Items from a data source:

::::

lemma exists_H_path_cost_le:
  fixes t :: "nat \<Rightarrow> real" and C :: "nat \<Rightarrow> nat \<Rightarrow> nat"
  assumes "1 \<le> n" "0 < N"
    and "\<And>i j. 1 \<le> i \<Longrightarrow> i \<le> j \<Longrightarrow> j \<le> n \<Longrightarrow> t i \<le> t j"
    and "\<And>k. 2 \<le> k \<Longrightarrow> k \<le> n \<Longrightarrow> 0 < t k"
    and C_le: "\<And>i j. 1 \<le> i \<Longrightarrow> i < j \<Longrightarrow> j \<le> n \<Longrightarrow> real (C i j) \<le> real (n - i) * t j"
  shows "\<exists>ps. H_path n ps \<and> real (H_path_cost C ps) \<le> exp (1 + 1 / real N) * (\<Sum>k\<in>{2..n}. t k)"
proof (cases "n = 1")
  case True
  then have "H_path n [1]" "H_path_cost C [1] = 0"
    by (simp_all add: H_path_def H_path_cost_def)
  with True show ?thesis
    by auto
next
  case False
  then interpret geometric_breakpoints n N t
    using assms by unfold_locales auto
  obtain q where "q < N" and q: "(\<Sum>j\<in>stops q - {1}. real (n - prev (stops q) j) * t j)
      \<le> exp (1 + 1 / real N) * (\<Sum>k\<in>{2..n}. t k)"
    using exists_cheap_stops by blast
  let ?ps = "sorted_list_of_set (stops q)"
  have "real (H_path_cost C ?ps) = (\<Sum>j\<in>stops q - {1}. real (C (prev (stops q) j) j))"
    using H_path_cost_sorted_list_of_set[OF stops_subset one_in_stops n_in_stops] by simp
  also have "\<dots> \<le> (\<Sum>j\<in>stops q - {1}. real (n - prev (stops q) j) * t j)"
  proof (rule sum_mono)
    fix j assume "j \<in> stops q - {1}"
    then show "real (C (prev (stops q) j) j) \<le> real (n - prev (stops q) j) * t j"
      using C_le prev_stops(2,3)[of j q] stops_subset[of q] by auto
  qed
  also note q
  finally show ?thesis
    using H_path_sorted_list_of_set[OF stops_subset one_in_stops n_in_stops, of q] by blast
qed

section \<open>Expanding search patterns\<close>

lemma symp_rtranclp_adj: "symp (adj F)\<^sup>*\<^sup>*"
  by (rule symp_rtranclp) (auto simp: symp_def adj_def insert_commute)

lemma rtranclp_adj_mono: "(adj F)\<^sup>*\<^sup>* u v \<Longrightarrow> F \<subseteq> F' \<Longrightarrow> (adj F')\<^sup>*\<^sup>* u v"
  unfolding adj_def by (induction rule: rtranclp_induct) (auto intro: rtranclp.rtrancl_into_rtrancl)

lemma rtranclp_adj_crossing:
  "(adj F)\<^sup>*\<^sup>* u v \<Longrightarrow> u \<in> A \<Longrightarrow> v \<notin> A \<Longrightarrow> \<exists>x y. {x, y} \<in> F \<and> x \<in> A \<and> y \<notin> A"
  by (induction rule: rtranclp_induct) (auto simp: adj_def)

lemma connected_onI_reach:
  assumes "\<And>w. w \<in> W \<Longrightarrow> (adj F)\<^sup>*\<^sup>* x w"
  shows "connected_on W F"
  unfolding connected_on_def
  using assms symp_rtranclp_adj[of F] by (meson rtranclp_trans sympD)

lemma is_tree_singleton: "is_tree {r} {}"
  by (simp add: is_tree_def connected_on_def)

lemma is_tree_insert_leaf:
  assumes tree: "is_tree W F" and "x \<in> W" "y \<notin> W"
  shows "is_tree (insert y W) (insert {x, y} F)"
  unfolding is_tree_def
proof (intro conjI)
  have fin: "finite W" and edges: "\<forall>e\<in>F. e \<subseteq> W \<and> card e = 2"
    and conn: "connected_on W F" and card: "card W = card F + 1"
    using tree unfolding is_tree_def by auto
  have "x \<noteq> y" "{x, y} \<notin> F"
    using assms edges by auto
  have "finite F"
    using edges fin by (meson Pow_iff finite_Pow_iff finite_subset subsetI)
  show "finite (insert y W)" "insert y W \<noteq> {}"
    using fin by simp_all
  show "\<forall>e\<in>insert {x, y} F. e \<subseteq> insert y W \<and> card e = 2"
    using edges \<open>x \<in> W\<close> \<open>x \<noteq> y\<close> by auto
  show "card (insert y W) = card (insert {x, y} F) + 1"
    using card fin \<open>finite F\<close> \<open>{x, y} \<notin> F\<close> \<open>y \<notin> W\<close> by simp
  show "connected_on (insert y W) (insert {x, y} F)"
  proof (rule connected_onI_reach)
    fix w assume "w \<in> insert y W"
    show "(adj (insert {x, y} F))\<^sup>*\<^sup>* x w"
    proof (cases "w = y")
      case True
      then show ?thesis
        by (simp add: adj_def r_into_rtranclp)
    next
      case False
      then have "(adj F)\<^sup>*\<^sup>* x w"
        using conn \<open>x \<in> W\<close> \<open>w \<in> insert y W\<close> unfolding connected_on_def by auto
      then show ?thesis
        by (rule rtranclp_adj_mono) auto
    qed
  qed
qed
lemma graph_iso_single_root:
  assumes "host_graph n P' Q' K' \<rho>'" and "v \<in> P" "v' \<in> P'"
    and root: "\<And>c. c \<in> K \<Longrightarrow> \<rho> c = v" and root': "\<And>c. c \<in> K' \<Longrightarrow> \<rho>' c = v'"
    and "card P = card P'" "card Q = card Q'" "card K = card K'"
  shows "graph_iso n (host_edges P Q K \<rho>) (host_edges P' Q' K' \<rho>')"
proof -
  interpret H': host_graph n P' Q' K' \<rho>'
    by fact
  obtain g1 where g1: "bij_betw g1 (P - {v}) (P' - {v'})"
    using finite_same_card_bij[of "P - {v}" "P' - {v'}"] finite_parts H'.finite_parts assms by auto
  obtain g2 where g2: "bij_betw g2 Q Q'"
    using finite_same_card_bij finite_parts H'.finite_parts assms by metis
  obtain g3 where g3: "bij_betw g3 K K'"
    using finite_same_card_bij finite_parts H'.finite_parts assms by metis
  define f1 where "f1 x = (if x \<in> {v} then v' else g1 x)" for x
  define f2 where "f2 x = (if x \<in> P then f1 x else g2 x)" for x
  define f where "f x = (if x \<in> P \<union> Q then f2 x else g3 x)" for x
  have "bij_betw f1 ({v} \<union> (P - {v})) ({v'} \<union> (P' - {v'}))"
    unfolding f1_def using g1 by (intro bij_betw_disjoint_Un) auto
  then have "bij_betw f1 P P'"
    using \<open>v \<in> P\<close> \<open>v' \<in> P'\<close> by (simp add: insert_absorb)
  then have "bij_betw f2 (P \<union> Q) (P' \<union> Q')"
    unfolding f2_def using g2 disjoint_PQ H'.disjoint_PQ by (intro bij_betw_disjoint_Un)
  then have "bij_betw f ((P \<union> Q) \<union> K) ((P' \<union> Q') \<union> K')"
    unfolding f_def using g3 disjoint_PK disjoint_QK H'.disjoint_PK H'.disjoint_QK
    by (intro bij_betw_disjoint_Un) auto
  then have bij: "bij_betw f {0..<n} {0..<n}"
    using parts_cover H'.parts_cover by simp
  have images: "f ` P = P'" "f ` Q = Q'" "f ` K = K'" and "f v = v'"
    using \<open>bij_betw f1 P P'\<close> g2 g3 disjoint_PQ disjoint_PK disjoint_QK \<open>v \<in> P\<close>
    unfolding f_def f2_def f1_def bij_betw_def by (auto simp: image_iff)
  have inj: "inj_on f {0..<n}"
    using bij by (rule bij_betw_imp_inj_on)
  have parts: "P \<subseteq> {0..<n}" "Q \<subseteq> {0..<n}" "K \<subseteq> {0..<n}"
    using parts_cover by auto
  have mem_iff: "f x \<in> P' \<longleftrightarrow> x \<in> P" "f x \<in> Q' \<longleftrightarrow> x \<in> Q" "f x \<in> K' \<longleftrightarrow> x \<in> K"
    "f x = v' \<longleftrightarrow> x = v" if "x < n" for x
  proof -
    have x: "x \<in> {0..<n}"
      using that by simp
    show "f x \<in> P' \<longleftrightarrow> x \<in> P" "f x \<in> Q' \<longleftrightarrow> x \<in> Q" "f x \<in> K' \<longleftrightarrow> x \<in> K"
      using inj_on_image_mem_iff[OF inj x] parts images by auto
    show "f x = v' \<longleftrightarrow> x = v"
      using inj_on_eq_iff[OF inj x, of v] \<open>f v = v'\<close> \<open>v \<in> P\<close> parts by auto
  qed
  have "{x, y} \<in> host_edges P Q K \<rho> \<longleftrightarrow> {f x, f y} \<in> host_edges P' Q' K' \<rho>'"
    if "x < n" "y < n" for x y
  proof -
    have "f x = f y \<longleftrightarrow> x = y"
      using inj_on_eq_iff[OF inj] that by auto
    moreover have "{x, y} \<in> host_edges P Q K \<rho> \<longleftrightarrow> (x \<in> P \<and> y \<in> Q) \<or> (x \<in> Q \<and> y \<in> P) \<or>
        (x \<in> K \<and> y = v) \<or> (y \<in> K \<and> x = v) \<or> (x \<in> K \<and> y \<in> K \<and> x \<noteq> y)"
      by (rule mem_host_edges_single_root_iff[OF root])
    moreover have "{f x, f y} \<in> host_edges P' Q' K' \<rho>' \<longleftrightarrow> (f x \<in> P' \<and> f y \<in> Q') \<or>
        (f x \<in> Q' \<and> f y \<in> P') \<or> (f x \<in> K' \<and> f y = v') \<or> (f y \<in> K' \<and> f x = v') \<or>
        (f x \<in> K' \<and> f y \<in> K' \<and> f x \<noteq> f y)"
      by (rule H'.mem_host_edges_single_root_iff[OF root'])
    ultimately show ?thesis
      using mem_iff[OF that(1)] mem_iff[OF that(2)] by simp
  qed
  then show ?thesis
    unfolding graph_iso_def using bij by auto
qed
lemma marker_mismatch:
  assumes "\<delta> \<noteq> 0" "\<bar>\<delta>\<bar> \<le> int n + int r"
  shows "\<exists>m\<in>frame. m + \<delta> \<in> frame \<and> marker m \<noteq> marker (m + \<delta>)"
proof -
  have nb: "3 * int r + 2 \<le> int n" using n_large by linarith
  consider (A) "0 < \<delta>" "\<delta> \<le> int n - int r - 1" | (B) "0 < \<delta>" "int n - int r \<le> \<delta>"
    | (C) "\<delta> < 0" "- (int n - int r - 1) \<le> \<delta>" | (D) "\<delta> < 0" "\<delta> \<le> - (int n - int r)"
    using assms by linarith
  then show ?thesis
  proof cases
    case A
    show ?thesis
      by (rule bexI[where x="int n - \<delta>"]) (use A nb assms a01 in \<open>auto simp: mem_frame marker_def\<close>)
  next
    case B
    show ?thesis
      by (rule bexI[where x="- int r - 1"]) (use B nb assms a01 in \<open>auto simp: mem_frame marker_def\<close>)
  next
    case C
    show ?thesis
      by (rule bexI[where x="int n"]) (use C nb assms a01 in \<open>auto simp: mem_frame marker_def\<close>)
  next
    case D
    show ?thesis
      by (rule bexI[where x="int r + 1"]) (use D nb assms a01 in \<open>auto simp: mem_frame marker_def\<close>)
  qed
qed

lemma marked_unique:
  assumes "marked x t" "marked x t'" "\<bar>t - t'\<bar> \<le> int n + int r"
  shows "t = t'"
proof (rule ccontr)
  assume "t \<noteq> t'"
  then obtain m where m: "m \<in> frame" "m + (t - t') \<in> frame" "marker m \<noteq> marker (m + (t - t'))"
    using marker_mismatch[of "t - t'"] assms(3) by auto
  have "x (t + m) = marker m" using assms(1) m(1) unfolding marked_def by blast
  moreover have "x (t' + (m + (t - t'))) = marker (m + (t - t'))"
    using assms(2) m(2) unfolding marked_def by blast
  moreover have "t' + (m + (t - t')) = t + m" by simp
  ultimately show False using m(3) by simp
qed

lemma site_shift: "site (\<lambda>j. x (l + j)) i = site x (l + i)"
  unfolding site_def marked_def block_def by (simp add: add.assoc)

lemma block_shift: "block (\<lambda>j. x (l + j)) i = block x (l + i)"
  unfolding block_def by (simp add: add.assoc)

::::

◆ **Your task**:
Please, from the entries above, set down exactly the lines from the one containing "(use A nb assms" through the one containing "using assms(2) m(2)", and only those.

◆ **Your solution**:
      by (rule bexI[where x="int n - \<delta>"]) (use A nb assms a01 in \<open>auto simp: mem_frame marker_def\<close>)
  next
    case B
    show ?thesis
      by (rule bexI[where x="- int r - 1"]) (use B nb assms a01 in \<open>auto simp: mem_frame marker_def\<close>)
  next
    case C
    show ?thesis
      by (rule bexI[where x="int n"]) (use C nb assms a01 in \<open>auto simp: mem_frame marker_def\<close>)
  next
    case D
    show ?thesis
      by (rule bexI[where x="int r + 1"]) (use D nb assms a01 in \<open>auto simp: mem_frame marker_def\<close>)
  qed
qed

lemma marked_unique:
  assumes "marked x t" "marked x t'" "\<bar>t - t'\<bar> \<le> int n + int r"
  shows "t = t'"
proof (rule ccontr)
  assume "t \<noteq> t'"
  then obtain m where m: "m \<in> frame" "m + (t - t') \<in> frame" "marker m \<noteq> marker (m + (t - t'))"
    using marker_mismatch[of "t - t'"] assms(3) by auto
  have "x (t + m) = marker m" using assms(1) m(1) unfolding marked_def by blast
  moreover have "x (t' + (m + (t - t'))) = marker (m + (t - t'))"
    using assms(2) m(2) unfolding marked_def by blast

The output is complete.